Python Project 8 - BigQuery, Loans Data Solution

Overview
In this project, we'll (a) study the geography of loans in WI using BigQuery and (b) make predictions about loan amounts. You'll be combining data from several sources: a public BigQuery dataset describing the geography of US counties, the HDMA loans dataset used previously this semester, and pretend loan applications made via a Google form (you'll make some submissions yourself and then immediately analyze the results).
Learning objectives: * combine data from a variety of sources to compute results in BigQuery * query live results from a Google form/sheet * perform spatial joins * train and evaluate models using BigQuery
Before starting, please review the general project directions.
Clarifications/Correction
Dec 05: Autograder changed for Q3. Updated setup to handle re-authentication issues.

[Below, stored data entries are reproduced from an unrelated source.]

text \<open>Let p agree with s except at points that s maps into W (as p = r s does when r
  permutes W).  Every point on an s-cycle through W lies on a p-cycle through W, and
  s-cycles avoiding W are p-cycles.\<close>

lemma orbit_local_change_meets:
  assumes s: "permutation s" and p: "permutation p" and agree: "\<And>q. s q \<notin> W \<Longrightarrow> p q = s q"
    and w: "w \<in> W" and i: "i \<in> orbit s w"
  shows "\<exists>w' \<in> W. i \<in> orbit p w'"
proof -
  have "\<exists>w' \<in> W. (s ^^ m) w \<in> orbit p w'" for m
  proof (induction m)
    case 0 then show ?case using w permutation_self_in_orbit[OF p, of w] by auto
  next
    case (Suc m)
    then obtain w' where w': "w' \<in> W" "(s ^^ m) w \<in> orbit p w'" by blast
    show ?case
    proof (cases "s ((s ^^ m) w) \<in> W")
      case True then show ?thesis using permutation_self_in_orbit[OF p] by auto
    next
      case False
      then have "p ((s ^^ m) w) = (s ^^ Suc m) w" by (simp add: agree)
      then show ?thesis using w' orbit.step[OF w'(2)] by metis
    qed
  qed
  then show ?thesis using i unfolding orbit_altdef_permutation[OF s] by blast
qed

lemma orbit_local_change_avoids:
  assumes s: "permutation s" and agree: "\<And>q. s q \<notin> W \<Longrightarrow> p q = s q"
    and avoid: "\<forall>w \<in> W. i \<notin> orbit s w"
  shows "orbit p i = orbit s i"
proof (rule orbit_cong[OF permutation_self_in_orbit[OF s]])
  fix q assume q: "q \<in> orbit s i"
  then have "orbit s (s q) = orbit s i" using orbit_eq_of_mem[OF s orbit.step] by blast
  then have "s q \<notin> W" using avoid permutation_self_in_orbit[OF s] by blast
  then show "p q = s q" by (rule agree)
qed

lemma cycle_sum_local:
  assumes sp: "s permutes S" and fin: "finite S" and WS: "W \<subseteq> S" and rp: "r permutes W"
    and eq: "cycle_sum H (r \<circ> s) S = cycle_sum H s S"
  shows "cycle_sum H s W = cycle_sum H (r \<circ> s) W"
proof -
  define p where "p = r \<circ> s"
  have s: "permutation s" using fin sp by (rule permutes_imp_permutation)
  have p: "permutation p"
    unfolding p_def using fin permutes_compose[OF sp permutes_subset[OF rp WS]]
    by (rule permutes_imp_permutation)
  have agree: "p q = s q" if "s q \<notin> W" for q
    unfolding p_def using rp that by (simp add: permutes_not_in)
  have split: "orbit p ` S = (orbit s ` S - orbit s ` W) \<union> orbit p ` W"
  proof (intro set_eqI iffI)
    fix X assume "X \<in> orbit p ` S"
    then obtain i where i: "i \<in> S" "X = orbit p i" by blast
    show "X \<in> (orbit s ` S - orbit s ` W) \<union> orbit p ` W"
    proof (cases "\<exists>w \<in> W. i \<in> orbit s w")
      case True
      then obtain w' where "w' \<in> W" "i \<in> orbit p w'"
        using orbit_local_change_meets[OF s p agree] by blast
      then show ?thesis using i orbit_eq_of_mem[OF p] by auto
    next
      case False
      then have "orbit p i = orbit s i" "orbit s i \<notin> orbit s ` W"
        using orbit_local_change_avoids[OF s agree] permutation_self_in_orbit[OF s, of i] by auto
      then show ?thesis using i by auto
    qed
  next
    fix X assume "X \<in> (orbit s ` S - orbit s ` W) \<union> orbit p ` W"
    then consider i where "i \<in> S" "X = orbit s i" "orbit s i \<notin> orbit s ` W"
      | w where "w \<in> W" "X = orbit p w" by blast
    then show "X \<in> orbit p ` S"
    proof cases
      case 1
      then have "\<forall>w \<in> W. i \<notin> orbit s w" using orbit_eq_of_mem[OF s] by blast
      then have "orbit p i = X" using 1 orbit_local_change_avoids[OF s agree] by auto
      then show ?thesis using 1 by blast
    next
      case 2 then show ?thesis using WS by auto
    qed
  qed
  have disjoint: "(orbit s ` S - orbit s ` W) \<inter> orbit p ` W = {}"
  proof (rule ccontr)
    assume "\<not> ?thesis"
    then obtain i w where "orbit s i \<notin> orbit s ` W" "w \<in> W" "orbit s i = orbit p w" by blast
    moreover have "orbit s w = orbit s i"
      using calculation(3) permutation_self_in_orbit[OF p, of w] orbit_eq_of_mem[OF s] by auto
    ultimately show False by auto
  qed
  have fin_orbits: "finite (orbit s ` S)" "finite (orbit p ` W)" using fin WS finite_subset by auto
  have "cycle_sum H p S = (\<Sum>X \<in> orbit s ` S - orbit s ` W. H (card X)) + cycle_sum H p W"
    unfolding cycle_sum_def split using fin_orbits disjoint by (simp add: sum.union_disjoint)
  moreover have "cycle_sum H s S = (\<Sum>X \<in> orbit s ` S - orbit s ` W. H (card X)) + cycle_sum H s W"
    unfolding cycle_sum_def using fin_orbits WS by (simp add: sum.subset_diff image_mono)
  ultimately show ?thesis using eq unfolding p_def by simp
qed

lemma commutator_conj:
  assumes "bij s" "bij t" "s \<circ> t \<circ> inv s \<circ> inv t = c" "r \<circ> c = id"
  shows "t \<circ> s \<circ> inv t = r \<circ> s"
proof
  fix i
  have "(t \<circ> s \<circ> inv t) i = r (c (t (s (inv t i))))" using fun_cong[OF assms(4)] by simp
  also have "c (t (s (inv t i))) = s i"
    using assms(1-3) by (auto simp: bij_is_inj bij_is_surj surj_f_inv_f)
  finally show "(t \<circ> s \<circ> inv t) i = (r \<circ> s) i" by simp
qed

lemma three_cycle_values:
  assumes "distinct [a, b, c]"
  shows "cycle_of_list [a, b, c] a = b" "cycle_of_list [a, b, c] b = c"
    "cycle_of_list [a, b, c] c = a"
  using assms by (auto simp: Transposition.transpose_def)

lemma three_cycle_inverse:
  assumes "distinct [x, y, z]"
  shows "cycle_of_list [x, y, z] \<circ> cycle_of_list [z, y, x] = id"
proof
  fix i
  have d: "distinct [z, y, x]" using assms by auto
  show "(cycle_of_list [x, y, z] \<circ> cycle_of_list [z, y, x]) i = id i"
  proof (cases "i \<in> {x, y, z}")
    case True then show ?thesis using three_cycle_values[OF assms] three_cycle_values[OF d] by auto
  next
    case False then show ?thesis using id_outside_supp[of i "[z, y, x]"] id_outside_supp[of i "[x, y, z]"]
      by simp
  qed
qed

section \<open>The case analysis\<close>

text \<open>Transposition case: s swaps u and v
  (gaps a, b) and fixes w (gap c); since r s then swaps u and w (gaps a, c) and fixes v
  (gap b), the cycle lengths a + b, c and a + c, b agree, whence b = c.\<close>

lemma transposition_case:
  assumes s: "permutation s" and p: "permutation p" and W: "W = {u, v, w}" and d: "distinct [u, v, w]"
    and huv: "first_hit s W u v a" and hvu: "first_hit s W v u b" and hw: "first_hit s W w w c"
    and puw: "first_hit p W u w a" and pwu: "first_hit p W w u c" and pv: "first_hit p W v v b"
    and balanced: "\<And>H. cycle_sum H s W = cycle_sum H p W"
  shows "sdist s u v \<noteq> \<infinity> \<and> sdist s u w = \<infinity> \<and> sdist s w w = sdist s v u"
proof -
  have "(a + b) * (a + b) + c * c = (a + c) * (a + c) + b * b"
    using balanced[of "\<lambda>k. k * k"] cycle_sum_two_cycle_and_loop[OF s W d huv hvu hw]
      cycle_sum_two_cycle_and_loop[OF p _ _ puw pwu pv] W d by (simp add: insert_commute)
  then have "a * b + a * b = a * c + a * c" by (simp add: algebra_simps)
  then have "a * b = a * c" by linarith
  moreover have "0 < a" using huv by (simp add: first_hit_def)
  ultimately have bc: "b = c" by simp
  have inW: "u \<in> W" "v \<in> W" "w \<in> W" and "u \<noteq> w" using W d by auto
  then have "u \<notin> orbit s w" by (intro first_hit_loop_separates(1)[OF s hw])
  then have "w \<notin> orbit s u" using orbit_eq_of_mem[OF s] permutation_self_in_orbit[OF s] by metis
  then show ?thesis
    using bc first_hit_dist[OF huv inW(2)] first_hit_dist[OF hvu inW(1)] first_hit_dist[OF hw inW(3)]
    by (simp add: sdist_infinite_iff sdist_eq_funpow_dist1)
qed

lemma three_cycle_case:
  assumes s: "permutation s" and W: "W = {u, v, w}" and d: "distinct [u, v, w]"
    and huv: "first_hit s W u v a" and hvw: "first_hit s W v w b" and hwu: "first_hit s W w u c"
  shows "sdist s u v + sdist s v w + sdist s w u = sdist s u u"
proof -
  have "u \<in> W - {v} - {w}" "u \<in> W" "v \<in> W" "w \<in> W" using W d by auto
  then show ?thesis
    using first_hit_dist[OF first_hit_three_cycle[OF huv hvw hwu]]
      first_hit_dist[OF huv] first_hit_dist[OF hvw] first_hit_dist[OF hwu]
    by (simp add: sdist_eq_funpow_dist1)
qed

lemma three_point_classification:
  assumes s: "permutation s" and W: "W = {x, y, z}" and d: "distinct [x, y, z]"
    and rp: "r permutes W" and rx: "r x = y" and ry: "r y = z" and rz: "r z = x"
    and balanced: "\<And>H. cycle_sum H s W = cycle_sum H (r \<circ> s) W"
  shows "sdist s x y + sdist s y z + sdist s z x = sdist s x x
    \<or> (\<exists>(x', y', z') \<in> {(x, y, z), (y, z, x), (z, x, y)}.
         sdist s x' y' \<noteq> \<infinity> \<and> sdist s x' z' = \<infinity> \<and> sdist s z' z' = sdist s y' x')"
proof -
  have "permutation r" using _ rp by (rule permutes_imp_permutation) (simp add: W)
  then have p: "permutation (r \<circ> s)" using s by (rule permutation_compose)
  have r: "r i = i" if "i \<notin> W" for i using rp that by (rule permutes_not_in)
  have inW: "x \<in> W" "y \<in> W" "z \<in> W" using W by auto
  obtain nx hx where nx: "nx \<in> W" "first_hit s W x nx hx" using first_hit_exists[OF s inW(1)] .
  obtain ny hy where ny: "ny \<in> W" "first_hit s W y ny hy" using first_hit_exists[OF s inW(2)] .
  obtain nz hz where nz: "nz \<in> W" "first_hit s W z nz hz" using first_hit_exists[OF s inW(3)] .
  note px = first_hit_transfer[OF nx(2) r] and py = first_hit_transfer[OF ny(2) r]
    and pz = first_hit_transfer[OF nz(2) r]
  have injs: "inj s" using permutation_bijective[OF s] by (rule bij_is_inj)
  have "nx \<noteq> ny" using first_hit_inj[OF injs nx(2) _ inW(1,2)] ny(2) d by auto
  moreover have "nx \<noteq> nz" using first_hit_inj[OF injs nx(2) _ inW(1,3)] nz(2) d by auto
  moreover have "ny \<noteq> nz" using first_hit_inj[OF injs ny(2) _ inW(2,3)] nz(2) d by auto
  moreover have "nx = x \<or> nx = y \<or> nx = z" "ny = x \<or> ny = y \<or> ny = z" "nz = x \<or> nz = y \<or> nz = z"
    using nx(1) ny(1) nz(1) W by auto
  ultimately consider "nx = x" "ny = y" "nz = z" | "nx = y" "ny = z" "nz = x"
    | "nx = z" "ny = x" "nz = y" | "nx = y" "ny = x" "nz = z"
    | "nx = x" "ny = z" "nz = y" | "nx = z" "ny = y" "nz = x"
    by (elim disjE) simp_all
  then show ?thesis
  proof cases
    case 1
    have "cycle_sum (\<lambda>_. 1) s W = 3"
      using cycle_sum_three_loops[OF s W d nx(2)[unfolded 1] ny(2)[unfolded 1] nz(2)[unfolded 1]]
      by simp
    moreover have "cycle_sum (\<lambda>_. 1) (r \<circ> s) W = 1"
      using cycle_sum_three_cycle[OF p W d px[unfolded 1 rx] py[unfolded 1 ry] pz[unfolded 1 rz]]
      by simp
    ultimately show ?thesis using balanced[of "\<lambda>_. 1"] by simp
  next
    case 2
    then show ?thesis
      using three_cycle_case[OF s W d nx(2)[unfolded 2] ny(2)[unfolded 2] nz(2)[unfolded 2]] by simp
  next
    case 3
    have W': "W = {x, z, y}" and d': "distinct [x, z, y]" using W d by auto
    have "cycle_sum (\<lambda>_. 1) s W = 1"
      using cycle_sum_three_cycle[OF s W' d' nx(2)[unfolded 3] nz(2)[unfolded 3] ny(2)[unfolded 3]]
      by simp
    moreover have "cycle_sum (\<lambda>_. 1) (r \<circ> s) W = 3"
      using cycle_sum_three_loops[OF p W d px[unfolded 3 rz] py[unfolded 3 rx] pz[unfolded 3 ry]]
      by simp
    ultimately show ?thesis using balanced[of "\<lambda>_. 1"] by simp
  next
    case 4
    have "sdist s x y \<noteq> \<infinity> \<and> sdist s x z = \<infinity> \<and> sdist s z z = sdist s y x"
      using transposition_case[OF s p W d nx(2)[unfolded 4] ny(2)[unfolded 4] nz(2)[unfolded 4]
          px[unfolded 4 ry] pz[unfolded 4 rz] py[unfolded 4 rx] balanced] .
    then show ?thesis by blast
  next
    case 5
    have W': "W = {y, z, x}" and d': "distinct [y, z, x]" using W d by auto
    have "sdist s y z \<noteq> \<infinity> \<and> sdist s y x = \<infinity> \<and> sdist s x x = sdist s z y"
      using transposition_case[OF s p W' d' ny(2)[unfolded 5] nz(2)[unfolded 5] nx(2)[unfolded 5]
          py[unfolded 5 rz] px[unfolded 5 rx] pz[unfolded 5 ry] balanced] .
    then show ?thesis by blast
  next
    case 6
    have W': "W = {z, x, y}" and d': "distinct [z, x, y]" using W d by auto
    have "sdist s z x \<noteq> \<infinity> \<and> sdist s z y = \<infinity> \<and> sdist s y y = sdist s x z"
      using transposition_case[OF s p W' d' nz(2)[unfolded 6] nx(2)[unfolded 6] ny(2)[unfolded 6]
          pz[unfolded 6 rx] py[unfolded 6 ry] px[unfolded 6 rz] balanced] .
    then show ?thesis by blast
  qed
qed

text \<open>Alternative (a) puts x, y, z on one cycle of s, which alternative (b) forbids.\<close>

lemma cyclic_order_excludes_split:
  assumes s: "permutation s" and a: "sdist s x y + sdist s y z + sdist s z x = sdist s x x"
    and rot: "(x', y', z') \<in> {(x, y, z), (y, z, x), (z, x, y)}"
  shows "sdist s x' z' \<noteq> \<infinity>"
proof -
  have "sdist s x x \<noteq> \<infinity>" using permutation_self_in_orbit[OF s] by (simp add: sdist_infinite_iff)
  then have "sdist s x y + sdist s y z + sdist s z x \<noteq> \<infinity>" using a by simp
  then have "sdist s x y \<noteq> \<infinity>" "sdist s y z \<noteq> \<infinity>" "sdist s z x \<noteq> \<infinity>"
    by (simp_all add: plus_eq_infty_iff_enat)
  then have "y \<in> orbit s x" "z \<in> orbit s y" "x \<in> orbit s z" by (simp_all add: sdist_infinite_iff)
  then have "orbit s y = orbit s x" "orbit s z = orbit s x" using orbit_eq_of_mem[OF s] by metis+
  then show ?thesis
    using rot permutation_self_in_orbit[OF s] by (auto simp: sdist_infinite_iff)
qed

Dec 07: Added clarification about backticks. Added jupyterlab in installation. Dec 08: Added clarification about uploading parquet files.
Setup
You'll create and submit a p8.ipynb notebook. You'll answer 10 questions in the notebook. If the output of a cell answers question 3, start the cell with a comment: #q3. The autograder depends on this to correlate parts of your output with specific questions.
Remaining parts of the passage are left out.